Пятая голова Цербера - Джин Вулф
Шрифт:
Интервал:
Закладка:
— Нет.
— Почему?
Я отчаянно думаю, Дэвид не только не помогает мне, но еще и пинает меня под столом.
— Говори. Отвечай сразу.
Снисходит озарение.
— Но ведь разве это не очевидно? (Всегда хорошо начинать с такой формулы, даже если ты вовсе не уверен, что это возможно.) Во-первых, у аборигенов здесь не было достаточно хороших орудий труда, поэтому как те изделия могут принадлежать им? Вы можете сказать, что они нуждались в обсидиановых наконечниках для стрел и костяных рыболовных крючках, но это неверно: гораздо проще им было бы отравить воду соком известных им растений, а для примитивных народов самый надежный способ ловить рыбу — верши да сети из сыромятной кожи или растительных волокон. Точно так же ловушки или травля с помощью поджогов эффективнее, чем охота; и тем более не нужны каменные инструменты для сбора ягод, корневищ съедобных растений и всего, что наверняка было их самой важной пищей; коротко говоря, эти каменные штуки оказались здесь под стеклом витрины потому, что силки и сети давно сгнили, а каменные изделия остались, поэтому люди, смысл жизни которых подчинен их изучению, притворяются, что они важны.

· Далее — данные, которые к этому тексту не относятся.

section \<open>Homogeneous sets\<close>

definition has_homogeneous_set :: "graph \<Rightarrow> nat \<Rightarrow> bool" where
  "has_homogeneous_set G s \<longleftrightarrow> (\<exists>S. card S = s \<and> (independent_set G S \<or> clique G S))"

lemma independent_set_subset: "independent_set G S \<Longrightarrow> T \<subseteq> S \<Longrightarrow> independent_set G T"
  unfolding independent_set_def by blast

lemma clique_subset: "clique G S \<Longrightarrow> T \<subseteq> S \<Longrightarrow> clique G T"
  unfolding clique_def by blast

lemma independent_set_induced:
  "independent_set (induced G A) S \<Longrightarrow> A \<subseteq> verts G \<Longrightarrow> independent_set G S"
  unfolding independent_set_def induced_def verts_def edges_def by fastforce

lemma clique_induced: "clique (induced G A) S \<Longrightarrow> A \<subseteq> verts G \<Longrightarrow> clique G S"
  unfolding clique_def induced_def verts_def edges_def by fastforce

lemma wf_graph_induced: "wf_graph G \<Longrightarrow> A \<subseteq> verts G \<Longrightarrow> wf_graph (induced G A)"
  unfolding wf_graph_def induced_def verts_def edges_def doubletons_eq_all_edges all_edges_def
  by (auto intro: finite_subset)

lemma has_homogeneous_setI:
  assumes "independent_set G S \<or> clique G S" "s \<le> card S"
  shows "has_homogeneous_set G s"
proof -
  obtain T where "T \<subseteq> S" "card T = s"
    using assms(2) by (rule obtain_subset_with_card_n)
  moreover from this(1) assms(1) have "independent_set G T \<or> clique G T"
    by (meson independent_set_subset clique_subset)
  ultimately show ?thesis
    unfolding has_homogeneous_set_def by blast
qed

lemma card_less_if_no_homogeneous_set:
  assumes f: "independence_function Q f \<or> clique_function Q f"
    and a: "a \<ge> 1" and f_ge: "\<forall>m. real (f m) \<ge> real m / real a"
    and G: "wf_graph G" "\<not> has_homogeneous_set G s"
    and A: "A \<subseteq> verts G" "Q (induced G A)"
  shows "card A < a * s"
proof (rule ccontr)
  assume "\<not> card A < a * s"
  then have "real s \<le> real (card A) / real a"
    using a by (simp add: field_simps flip: of_nat_mult)
  also have "\<dots> \<le> real (f (card A))" using f_ge by blast
  finally have s_le: "s \<le> f (card A)" by simp
  have verts_induced: "verts (induced G A) = A" by (simp add: induced_def verts_def)
  from f obtain S where "independent_set (induced G A) S \<or> clique (induced G A) S"
    and card_S: "card S = f (card A)"
    using wf_graph_induced[OF G(1) A(1)] A(2) verts_induced
    unfolding independence_function_def clique_function_def by metis
  with A(1) have "independent_set G S \<or> clique G S"
    by (meson independent_set_induced clique_induced)
  then have "has_homogeneous_set G s"
    by (rule has_homogeneous_setI) (simp add: s_le card_S)
  with G(2) show False ..
qed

— Хорошо. Дэвид? Будь оригинален, пожалуйста. Не повторяй того, что услышал сейчас.
Дэвид поднимает взгляд от книги, его синие глаза светятся презрением к нам обоим.
— Если бы вы спросили их, они бы ответили вам, что для них действительно важно: их магия, их религия, песни, которые они пели, и традиции их народа. Они убивали своих жертвенных животных осколками морских раковин, острых, как бритвенные лезвия, и не позволяли мужчинам иметь детей, пока они не выдержат испытание огнем, калечившее их на всю жизнь. Они жили в единении с лесными деревьями и топили младенцев, чтобы почтить духов своих рек. Вот что имело значение.
У Мистера Миллиона не было шеи, потому кивнуло только лицо, отображенное на его экране.
— Теперь мы обсудим человечность этих аборигенов. Дэвид начинает и отрицает.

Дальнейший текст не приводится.